* Work order
Where does the word "proof" occur in the data below? Copy each line that holds it.

* Excerpted data
lemma
  assumes [measurable]: "g \<in> borel_measurable borel"
  shows integrable_bandit_component_iff:
      "integrable bandit_space (\<lambda>\<omega>. g (\<omega> i)) \<longleftrightarrow>
         integrable lborel (\<lambda>x. std_normal_density x * g x)"
    and integral_bandit_component:
      "integral\<^sup>L bandit_space (\<lambda>\<omega>. g (\<omega> i)) = integral\<^sup>L lborel (\<lambda>x. std_normal_density x * g x)"
proof -
  let ?N = "std_normal_distribution"
  have m: "(\<lambda>\<omega>. \<omega> i) \<in> measurable bandit_space ?N"
    unfolding bandit_space_def by (rule measurable_component_singleton) simp
  have distr: "distr bandit_space ?N (\<lambda>\<omega>. \<omega> i) = ?N"
    unfolding bandit_space_def by (rule distr_PiM_component) (auto intro: prob_space_std_normal)
  have "integrable bandit_space (\<lambda>\<omega>. g (\<omega> i)) \<longleftrightarrow>
          integrable (distr bandit_space ?N (\<lambda>\<omega>. \<omega> i)) g"
    using m by (subst integrable_distr_eq) auto
  then show "integrable bandit_space (\<lambda>\<omega>. g (\<omega> i)) \<longleftrightarrow>
               integrable lborel (\<lambda>x. std_normal_density x * g x)"
    by (simp add: distr integrable_density)
  have "integral\<^sup>L bandit_space (\<lambda>\<omega>. g (\<omega> i)) = integral\<^sup>L (distr bandit_space ?N (\<lambda>\<omega>. \<omega> i)) g"
    using m by (subst integral_distr) auto
  then show "integral\<^sup>L bandit_space (\<lambda>\<omega>. g (\<omega> i)) = integral\<^sup>L lborel (\<lambda>x. std_normal_density x * g x)"
    by (simp add: distr integral_density)
qed

lemma std_normal_density_mult_exp:
  "std_normal_density x * exp (s * x) = exp (s\<^sup>2 / 2) * normal_density s 1 x"
  by (simp add: normal_density_def std_normal_density_def exp_add[symmetric] power2_eq_square
      algebra_simps; simp add: field_simps)

lemma
  shows integrable_exp_bandit_component: "integrable bandit_space (\<lambda>\<omega>. exp (s * \<omega> i))"
    and integral_exp_bandit_component:
      "integral\<^sup>L bandit_space (\<lambda>\<omega>. exp (s * \<omega> i)) = exp (s\<^sup>2 / 2)"
  by (subst integrable_bandit_component_iff integral_bandit_component;
      simp add: std_normal_density_mult_exp)+

lemma
  shows integrable_bandit_component: "integrable bandit_space (\<lambda>\<omega>. \<omega> i)"
    and integral_bandit_component_eq_0: "integral\<^sup>L bandit_space (\<lambda>\<omega>. \<omega> i) = 0"
    and integrable_abs_bandit_component: "integrable bandit_space (\<lambda>\<omega>. \<bar>\<omega> i\<bar>)"
  using integrable_bandit_component_iff[of "\<lambda>x. x"] integral_bandit_component[of "\<lambda>x. x"]
    integrable_bandit_component_iff[of "\<lambda>x. \<bar>x\<bar>"] integrable_std_normal_moment[of 1]
    integral_std_normal_moment_odd[of 0] integrable_std_normal_moment_abs[of 1]
  by auto

lemma sets_history_subset: "sets (history \<mu> \<sigma> \<sigma>W t) \<subseteq> sets bandit_space"
  unfolding history_def
  by (rule sets_image_in_sets) (auto simp: reward_def arm_quality_def intro!: measurable_restrict)

lemma admissible_stopping_time_pred_ge:
  assumes "admissible_stopping_time \<mu> \<sigma> \<sigma>W \<tau>"
  shows "Measurable.pred bandit_space (\<lambda>\<omega>. enat t \<le> \<tau> \<omega>)"
proof (cases t)
  case 0
  then show ?thesis by (simp add: zero_enat_def[symmetric])
next
  case (Suc k)
  have "{\<omega>\<in>space bandit_space. \<tau> \<omega> \<le> enat k} \<in> sets bandit_space"
    using assms sets_history_subset unfolding admissible_stopping_time_def by blast
  then have "Measurable.pred bandit_space (\<lambda>\<omega>. \<not> \<tau> \<omega> \<le> enat k)"
    unfolding pred_def by (simp add: set_diff_eq[symmetric] sets.compl_sets)
  then show ?thesis
    using Suc by (simp add: Suc_ile_eq not_le)
qed

lemma admissible_stopping_time_one: "admissible_stopping_time \<mu> \<sigma> \<sigma>W (\<lambda>_. 1)"
  unfolding admissible_stopping_time_def
proof (intro conjI allI ballI)
  fix t :: nat
  have "{\<omega> \<in> space bandit_space. (1::enat) \<le> enat t} = (if t = 0 then {} else space (history \<mu> \<sigma> \<sigma>W t))"
    by (simp add: history_def one_enat_def)
  then show "{\<omega> \<in> space bandit_space. (1::enat) \<le> enat t} \<in> sets (history \<mu> \<sigma> \<sigma>W t)"
    by simp
qed simp

definition discount_weight :: "real \<Rightarrow> ((nat \<Rightarrow> real) \<Rightarrow> enat) \<Rightarrow> (nat \<Rightarrow> real) \<Rightarrow> real" where
  "discount_weight \<gamma> \<tau> \<omega> = (\<Sum>t. if enat t \<le> \<tau> \<omega> then \<gamma> ^ t else 0)"

lemma summable_discount_weight:
  fixes \<gamma> :: real
  assumes "0 < \<gamma>" "\<gamma> < 1"
  shows "summable (\<lambda>t. if enat t \<le> \<tau> \<omega> then \<gamma> ^ t else 0)"
  by (rule summable_comparison_test[OF _ summable_geometric[of \<gamma>]]) (use assms in auto)

lemma discount_weight_bounds:
  assumes "0 < \<gamma>" "\<gamma> < 1"
  shows "1 \<le> discount_weight \<gamma> \<tau> \<omega>" "discount_weight \<gamma> \<tau> \<omega> \<le> 1 / (1 - \<gamma>)"
proof -
  have "(\<Sum>t\<in>{0}. if enat t \<le> \<tau> \<omega> then \<gamma> ^ t else 0) \<le> discount_weight \<gamma> \<tau> \<omega>"
    unfolding discount_weight_def using assms by (intro sum_le_suminf summable_discount_weight) auto
  then show "1 \<le> discount_weight \<gamma> \<tau> \<omega>"
    by (simp add: zero_enat_def[symmetric])
  have "discount_weight \<gamma> \<tau> \<omega> \<le> (\<Sum>t. \<gamma> ^ t)"
    unfolding discount_weight_def using assms
    by (intro suminf_le summable_discount_weight summable_geometric) auto
  also have "\<dots> = 1 / (1 - \<gamma>)"
    using assms by (simp add: suminf_geometric)
  finally show "discount_weight \<gamma> \<tau> \<omega> \<le> 1 / (1 - \<gamma>)" .
qed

* Solution to the exercise
proof -
proof (cases t)
proof (intro conjI allI ballI)
proof -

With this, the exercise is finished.